YOUR GOAL - Repeat the lines of the data that follow, please, starting at the first and stopping after the one with "i0 + (\<Sum>i\<in>I".

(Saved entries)
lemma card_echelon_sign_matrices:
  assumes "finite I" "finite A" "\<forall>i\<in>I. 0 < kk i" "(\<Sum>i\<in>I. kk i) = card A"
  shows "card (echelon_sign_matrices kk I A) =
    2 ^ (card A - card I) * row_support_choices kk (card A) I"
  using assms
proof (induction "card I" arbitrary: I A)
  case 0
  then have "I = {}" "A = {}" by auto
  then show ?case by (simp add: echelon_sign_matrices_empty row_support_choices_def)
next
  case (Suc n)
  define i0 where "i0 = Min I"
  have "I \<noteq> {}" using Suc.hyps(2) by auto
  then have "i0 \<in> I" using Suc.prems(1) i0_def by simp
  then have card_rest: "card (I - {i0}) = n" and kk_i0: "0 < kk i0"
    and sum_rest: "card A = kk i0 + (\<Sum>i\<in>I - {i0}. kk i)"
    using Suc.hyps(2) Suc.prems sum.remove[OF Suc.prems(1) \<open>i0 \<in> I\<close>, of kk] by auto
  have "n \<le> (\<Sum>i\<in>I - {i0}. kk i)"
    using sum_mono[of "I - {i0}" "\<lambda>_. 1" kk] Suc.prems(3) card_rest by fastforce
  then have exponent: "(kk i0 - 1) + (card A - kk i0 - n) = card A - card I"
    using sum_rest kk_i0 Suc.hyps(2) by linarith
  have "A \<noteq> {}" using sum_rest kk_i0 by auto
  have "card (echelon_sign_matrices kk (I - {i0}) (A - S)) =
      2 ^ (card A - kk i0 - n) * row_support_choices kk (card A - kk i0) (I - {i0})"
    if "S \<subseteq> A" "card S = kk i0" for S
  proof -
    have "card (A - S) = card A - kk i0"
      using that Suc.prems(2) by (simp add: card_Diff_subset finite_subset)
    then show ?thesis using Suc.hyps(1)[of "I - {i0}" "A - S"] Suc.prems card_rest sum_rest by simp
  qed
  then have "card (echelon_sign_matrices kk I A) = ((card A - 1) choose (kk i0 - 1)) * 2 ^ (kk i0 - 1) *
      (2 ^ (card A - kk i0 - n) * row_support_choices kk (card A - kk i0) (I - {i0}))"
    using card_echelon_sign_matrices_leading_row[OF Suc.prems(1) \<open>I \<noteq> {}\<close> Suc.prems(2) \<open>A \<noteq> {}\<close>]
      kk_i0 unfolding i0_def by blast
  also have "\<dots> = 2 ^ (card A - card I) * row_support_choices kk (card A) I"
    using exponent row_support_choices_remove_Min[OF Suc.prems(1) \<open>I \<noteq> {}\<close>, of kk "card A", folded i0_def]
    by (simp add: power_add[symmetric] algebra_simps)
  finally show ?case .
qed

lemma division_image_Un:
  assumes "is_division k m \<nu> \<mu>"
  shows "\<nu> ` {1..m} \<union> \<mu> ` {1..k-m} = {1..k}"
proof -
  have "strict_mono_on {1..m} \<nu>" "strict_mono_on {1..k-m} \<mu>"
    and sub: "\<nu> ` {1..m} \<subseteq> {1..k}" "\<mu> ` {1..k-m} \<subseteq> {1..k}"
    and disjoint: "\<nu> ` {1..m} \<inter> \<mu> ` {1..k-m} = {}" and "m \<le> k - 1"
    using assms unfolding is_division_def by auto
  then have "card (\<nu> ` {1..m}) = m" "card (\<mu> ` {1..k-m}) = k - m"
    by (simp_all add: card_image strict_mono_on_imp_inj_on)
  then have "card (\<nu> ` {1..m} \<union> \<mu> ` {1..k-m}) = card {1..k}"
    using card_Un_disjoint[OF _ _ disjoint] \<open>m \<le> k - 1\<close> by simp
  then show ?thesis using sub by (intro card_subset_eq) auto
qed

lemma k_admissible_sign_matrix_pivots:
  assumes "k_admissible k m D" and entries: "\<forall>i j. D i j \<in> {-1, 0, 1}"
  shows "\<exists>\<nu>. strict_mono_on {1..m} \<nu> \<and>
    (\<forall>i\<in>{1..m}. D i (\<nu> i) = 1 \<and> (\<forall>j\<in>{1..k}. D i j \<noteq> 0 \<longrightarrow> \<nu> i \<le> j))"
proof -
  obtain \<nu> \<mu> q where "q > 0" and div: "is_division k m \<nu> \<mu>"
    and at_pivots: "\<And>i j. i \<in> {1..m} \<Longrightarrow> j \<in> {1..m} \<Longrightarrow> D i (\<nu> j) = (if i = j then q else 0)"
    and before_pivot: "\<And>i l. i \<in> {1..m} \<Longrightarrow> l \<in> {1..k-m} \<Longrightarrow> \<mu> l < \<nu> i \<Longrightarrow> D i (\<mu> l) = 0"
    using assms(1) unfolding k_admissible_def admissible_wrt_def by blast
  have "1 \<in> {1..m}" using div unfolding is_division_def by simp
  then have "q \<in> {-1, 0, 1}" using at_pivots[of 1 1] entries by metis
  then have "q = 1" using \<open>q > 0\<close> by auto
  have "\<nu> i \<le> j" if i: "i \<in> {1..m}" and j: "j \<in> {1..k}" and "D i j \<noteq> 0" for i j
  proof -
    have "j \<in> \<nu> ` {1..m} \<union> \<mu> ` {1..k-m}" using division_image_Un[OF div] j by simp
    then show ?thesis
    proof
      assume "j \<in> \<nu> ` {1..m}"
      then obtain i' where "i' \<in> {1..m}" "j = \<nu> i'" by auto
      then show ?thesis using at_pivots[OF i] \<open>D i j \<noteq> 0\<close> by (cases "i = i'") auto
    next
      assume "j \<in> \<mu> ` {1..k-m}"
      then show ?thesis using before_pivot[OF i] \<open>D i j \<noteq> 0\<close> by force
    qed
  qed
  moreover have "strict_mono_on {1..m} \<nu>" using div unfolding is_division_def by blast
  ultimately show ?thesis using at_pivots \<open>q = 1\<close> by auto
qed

EXPECTED ANSWER -
lemma card_echelon_sign_matrices:
  assumes "finite I" "finite A" "\<forall>i\<in>I. 0 < kk i" "(\<Sum>i\<in>I. kk i) = card A"
  shows "card (echelon_sign_matrices kk I A) =
    2 ^ (card A - card I) * row_support_choices kk (card A) I"
  using assms
proof (induction "card I" arbitrary: I A)
  case 0
  then have "I = {}" "A = {}" by auto
  then show ?case by (simp add: echelon_sign_matrices_empty row_support_choices_def)
next
  case (Suc n)
  define i0 where "i0 = Min I"
  have "I \<noteq> {}" using Suc.hyps(2) by auto
  then have "i0 \<in> I" using Suc.prems(1) i0_def by simp
  then have card_rest: "card (I - {i0}) = n" and kk_i0: "0 < kk i0"
    and sum_rest: "card A = kk i0 + (\<Sum>i\<in>I - {i0}. kk i)"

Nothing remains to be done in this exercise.